Reclamation tied to end of subdivided flats goalTop News | Michael Shum 26 Jul 2021
Financial Secretary Paul Chan Mo-po has jumped on the housing bandwagon to address Hong Kong's giant problem -- a key battleground issue in the run-up to the chief executive election in March.
Chan, who rarely comments on land and housing issues, wrote on his blog that Hong Kong should aim to eliminate subdivided flats by 2049 at the latest, to cut red tape to increase short- to mid-term land supply, and to increase long-term supply drastically by reclamation.
Some of the measures would include a need to amend the Town Planning Ordinance to simplify procedures, which will be more efficient and prevent people from abusing the ordinance, he said.
On bidding farewell to subdivided flats 28 years from now or sooner, Chan viewed the issue head on by visiting residents of subdivided flats in Sham Shui Po on Saturday and followed on by writing that housing is the most pressing issue faced by people at the grassroots.

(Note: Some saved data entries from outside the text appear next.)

lemma phase_retrieval_lower_Lipschitz:
  fixes A :: "real^'d^'m"
  assumes "phase_retrieval A"
  obtains c where "c > 0"
    "\<And>x y. c * min (norm (x - y)) (norm (x + y)) \<le> norm (absmv A x - absmv A y)"
proof -
  obtain B where B: "B > 0"
    "\<And>S u. inj (row_restrict S A) \<Longrightarrow> B * norm u \<le> norm (row_restrict S A u)"
    using uniform_lower_bound_injective_row_restrict by blast
  have "B * min (norm (x - y)) (norm (x + y)) \<le> norm (absmv A x - absmv A y)" for x y
  proof -
    define S where "S = {i. \<bar>(A *v (x - y)) $ i\<bar> \<le> \<bar>(A *v (x + y)) $ i\<bar>}"
    have component: "\<bar>absmv A x $ i - absmv A y $ i\<bar>
        = min \<bar>(A *v (x - y)) $ i\<bar> \<bar>(A *v (x + y)) $ i\<bar>" for i
      using abs_diff_abs_eq_min
      by (simp add: absmv_def matrix_vector_right_distrib matrix_vector_mult_diff_distrib)
    have "norm (row_restrict S A (x - y)) \<le> norm (absmv A x - absmv A y)"
      "norm (row_restrict (- S) A (x + y)) \<le> norm (absmv A x - absmv A y)"
      by (rule norm_le_componentwise_cart, simp add: row_restrict_def component S_def)+
    then show ?thesis
      using phase_retrieval_complement_property[OF assms, of S] B(2)[of S "x - y"]
        B(2)[of "- S" "x + y"] \<open>B > 0\<close>
      by (smt (verit) min.cobounded1 min.cobounded2 mult_left_mono)
  qed
  with \<open>B > 0\<close> show ?thesis by (rule that)
qed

Land and housing problems have been a "huge deadlock" and limited the development of Hong Kong, he said, pointing to political controversies and "an idle legislature" in the past.
But the administration is determined to solve the problem regarding housing and subdivided flats, he added, though that will not be easy.

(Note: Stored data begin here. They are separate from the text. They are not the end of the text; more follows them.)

lemma tame_has_sum_supertrace_zeta:
  assumes T: "tame q N C k T" and s: "real k + 2 < 2 * Re s"
  shows "((\<lambda>i. diag_ent (gamma_op \<circ> T \<circ> absD_pow (-2 * s)) i) has_sum supertrace_zeta T s) basis_idx"
proof -
  define h where "h i = entry T i i * absD_eig_powr (-2 * s) i" for i
  define M where "M x = C * (x + 1) ^ k * (x + 1/2) powr (-2 * Re s)" for x
  have M: "(\<lambda>i. M (lev i)) summable_on upper_idx"
  proof (rule summable_on_upper_idx_levelwise)
    show "summable (\<lambda>n. (2 * real n + 2) * M (real n + 1/2))"
    proof (rule summable_comparison_test_bigo)
      show "summable (\<lambda>n. norm (real n powr (1 + real k - 2 * Re s)))"
        using s summable_real_powr_iff by simp
      show "(\<lambda>n. (2 * real n + 2) * M (real n + 1/2)) \<in> O(\<lambda>n. real n powr (1 + real k - 2 * Re s))"
        unfolding M_def by real_asymp
    qed
  qed (use tameD(2)[OF T] in \<open>simp add: M_def\<close>)
  have h_le: "cmod (h j) \<le> M (lev j)" if "j \<in> basis_idx" for j
  proof -
    have "cmod (h j) = cmod (entry T j j) * (lev j + 1/2) powr (-2 * Re s)"
      using norm_absD_eig_powr[OF that] by (simp add: h_def norm_mult)
    also have "\<dots> \<le> M (lev j)"
      unfolding M_def using tameD(4)[OF T that that] by (intro mult_right_mono) auto
    finally show ?thesis .
  qed
  have "h summable_on upper_idx" "(\<lambda>i. h (flip i)) summable_on upper_idx"
    by (rule abs_summable_summable[OF Infinite_Sum.abs_summable_on_comparison_test'[OF M]],
        use h_le h_le[of "flip _"] in \<open>simp add: upper_idx_def\<close>)+
  then have "((\<lambda>i. sgn_of (snd i) * h i) has_sum (\<Sum>\<^sub>\<infinity>i\<in>upper_idx. h i - h (flip i))) basis_idx"
    by (rule has_sum_graded)
  moreover have "(\<Sum>\<^sub>\<infinity>i\<in>upper_idx. h i - h (flip i)) = supertrace_zeta T s"
    unfolding supertrace_zeta_def h_def by (simp add: left_diff_distrib)
  ultimately have "((\<lambda>i. sgn_of (snd i) * h i) has_sum supertrace_zeta T s) basis_idx"
    by simp
  then show ?thesis
    by (rule has_sum_cong[THEN iffD1, rotated])
       (simp add: h_def diag_ent_gamma_absD_pow[OF tameD(1)[OF T]])
qed

lemma tame_has_sum_chern_character:
  assumes T: "tame q N C k T"
  shows "((\<lambda>i. diag_ent (gamma_op \<circ> F_op \<circ> commut F_op T) i) has_sum 2 * supertrace_zeta T 0) basis_idx"
proof -
  define d where "d i = entry T i i - entry T (flip i) (flip i)" for i
  have "(\<lambda>i. C * ((lev i + 1) ^ k * q powr lev i)) summable_on upper_idx"
    by (intro summable_on_cmult_right summable_on_upper_idx_q_decay)
  moreover have "cmod (d i) \<le> C * ((lev i + 1) ^ k * q powr lev i)" if "i \<in> upper_idx" for i
    using that tameD(5)[OF T, of i i] by (simp add: d_def upper_idx_def mult.assoc)
  ultimately have d: "d summable_on upper_idx"
    by (rule abs_summable_summable[OF Infinite_Sum.abs_summable_on_comparison_test'])
  have d_flip: "d (flip i) = - d i" for i by (simp add: d_def)
  have zeta_0: "supertrace_zeta T 0 = (\<Sum>\<^sub>\<infinity>i\<in>upper_idx. d i)"
    unfolding supertrace_zeta_def d_def by (rule infsum_cong) (simp add: absD_eig_powr_0 upper_idx_def)
  have "(\<Sum>\<^sub>\<infinity>i\<in>upper_idx. d i - d (flip i)) = (\<Sum>\<^sub>\<infinity>i\<in>upper_idx. 2 * d i)"
    by (simp add: d_flip)
  also have "\<dots> = 2 * supertrace_zeta T 0"
    unfolding zeta_0 using d by (rule infsum_cmult_right)
  finally have "(\<Sum>\<^sub>\<infinity>i\<in>upper_idx. d i - d (flip i)) = 2 * supertrace_zeta T 0" .
  moreover have "(\<lambda>i. d (flip i)) summable_on upper_idx"
    using d by (simp add: d_flip summable_on_uminus)
  ultimately have "((\<lambda>i. sgn_of (snd i) * d i) has_sum 2 * supertrace_zeta T 0) basis_idx"
    using has_sum_graded[OF d] by simp
  then show ?thesis
    by (rule has_sum_cong[THEN iffD1, rotated])
       (simp add: d_def diag_ent_gamma_F_commut_F[OF tameD(1)[OF T]])
qed

end

context q_param
begin

lemma phi0_eq_chern_character:
  assumes "x0 \<in> pi_alg q"
  shows "\<exists>g. g holomorphic_on UNIV
    \<and> (\<forall>s. 1 < Re s \<longrightarrow> ((\<lambda>i. diag_ent (gamma_op \<circ> x0 \<circ> absD_pow (-2 * s)) i) has_sum g s) basis_idx)
    \<and> residue (\<lambda>s. g s / s) 0 = g 0
    \<and> ((\<lambda>i. diag_ent (gamma_op \<circ> F_op \<circ> commut F_op x0) i) has_sum (2 * g 0)) basis_idx"
proof -
  obtain N C where T: "tame q N C 0 x0"
    using tame_pi_alg assms by blast
  note entire = tame_supertrace_zeta_entire[OF T]
  have "residue (\<lambda>s. supertrace_zeta x0 s / s) 0 = supertrace_zeta x0 0"
    using residue_simple[OF open_UNIV UNIV_I entire, of 0] by simp
  moreover have "((\<lambda>i. diag_ent (gamma_op \<circ> x0 \<circ> absD_pow (-2 * s)) i) has_sum supertrace_zeta x0 s)
      basis_idx" if "1 < Re s" for s
    using that by (intro tame_has_sum_supertrace_zeta[OF T]) simp
  ultimately show ?thesis
    using entire tame_has_sum_chern_character[OF T] by blast
qed

lemma phi2_vanishes:
  assumes "x0 \<in> pi_alg q" "x1 \<in> pi_alg q" "x2 \<in> pi_alg q"
  shows "\<exists>g (c :: real). g meromorphic_on UNIV
    \<and> (\<forall>s. c < Re s \<longrightarrow> ((\<lambda>i. diag_ent (gamma_op \<circ> x0 \<circ> commut D_op x1 \<circ> commut D_op x2
                            \<circ> absD_pow (-2 * (s + 1))) i) has_sum g s) basis_idx)
    \<and> residue g 0 = 0"
proof -
  obtain N C where T: "tame q N C 2 (x0 \<circ> commut D_op x1 \<circ> commut D_op x2)"
    using tame_D_commutators assms by blast
  define g where "g = supertrace_zeta (x0 \<circ> commut D_op x1 \<circ> commut D_op x2) \<circ> (\<lambda>s. s + 1)"
  have "g holomorphic_on UNIV"
    unfolding g_def using tame_supertrace_zeta_entire[OF T]
    by (intro holomorphic_on_compose holomorphic_intros) (auto intro: holomorphic_on_subset)
  then have "g meromorphic_on UNIV" and "residue g 0 = 0"
    by (auto intro: analytic_on_imp_meromorphic_on residue_holo simp: analytic_on_open)
  moreover have "((\<lambda>i. diag_ent (gamma_op \<circ> x0 \<circ> commut D_op x1 \<circ> commut D_op x2
      \<circ> absD_pow (-2 * (s + 1))) i) has_sum g s) basis_idx" if "1 < Re s" for s
    using tame_has_sum_supertrace_zeta[OF T, of "s + 1"] that by (simp add: g_def comp_assoc)
  ultimately show ?thesis
    by blast
qed

end

theorem mainTheorem12:
  fixes q :: real
  assumes "0 < q" and "q < 1"
  shows
    "(\<forall>x0 \<in> pi_alg q. \<exists>g :: complex \<Rightarrow> complex.
        g holomorphic_on UNIV
      \<and> (\<forall>s. 1 < Re s \<longrightarrow>
           ((\<lambda>i. diag_ent (gamma_op \<circ> x0 \<circ> absD_pow (-2 * s)) i) has_sum g s) basis_idx)
      \<and> residue (\<lambda>s. g s / s) 0 = g 0
      \<and> ((\<lambda>i. diag_ent (gamma_op \<circ> F_op \<circ> commut F_op x0) i) has_sum (2 * g 0)) basis_idx)
   \<and> (\<forall>x0 \<in> pi_alg q. \<forall>x1 \<in> pi_alg q. \<forall>x2 \<in> pi_alg q.
       \<exists>(g :: complex \<Rightarrow> complex) (c :: real).
        g meromorphic_on UNIV
      \<and> (\<forall>s. c < Re s \<longrightarrow>
           ((\<lambda>i. diag_ent (gamma_op \<circ> x0 \<circ> commut D_op x1 \<circ> commut D_op x2
                            \<circ> absD_pow (-2 * (s + 1))) i) has_sum g s) basis_idx)
      \<and> residue g 0 = 0)"
proof -
  interpret q_param q
    using assms by unfold_locales
  show ?thesis
    using phi0_eq_chern_character phi2_vanishes by blast
qed

end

There is also the hope of resolving the problem of buying a home, he said. That was difficult as flats are now small and expensive.
"The problem deeply affects the development and stability of society, which is a problem related to the economy, people's livelihood as well as a serious political problem," he said.
Earlier, the chief of the Hong Kong and Macau Affairs Office, Xia Baolong, provided a pointer that Chan followed, saying it is Hong Kong's top priority to bid farewell to cramped living spaces, including partitioned flats and cage homes, by 2049.
The rare comment by Chan sparked speculation on whether he was readying for a run for the SAR's top job. It was also noted that Leung Chun-ying and Carrie Lam Cheng Yuet-ngor - the former and present chief executive respectively -have been talking about solving the housing issue.
Chan moved on to the administration unveiling the Hong Kong 2030+ report, which will reveal estimates of land demand in the next two decades alongside a clear timetable of land supply plans.
He said the administration should review developing areas near the border with Shenzhen as the planned Northern Link rail line will mean nearby areas have development potential.
The Society for Community Organization said over 20 percent of non-elderly single people have lived in partitioned flats for at least 12 months.
It suggested officials make it easier for them to be assigned public housing flats.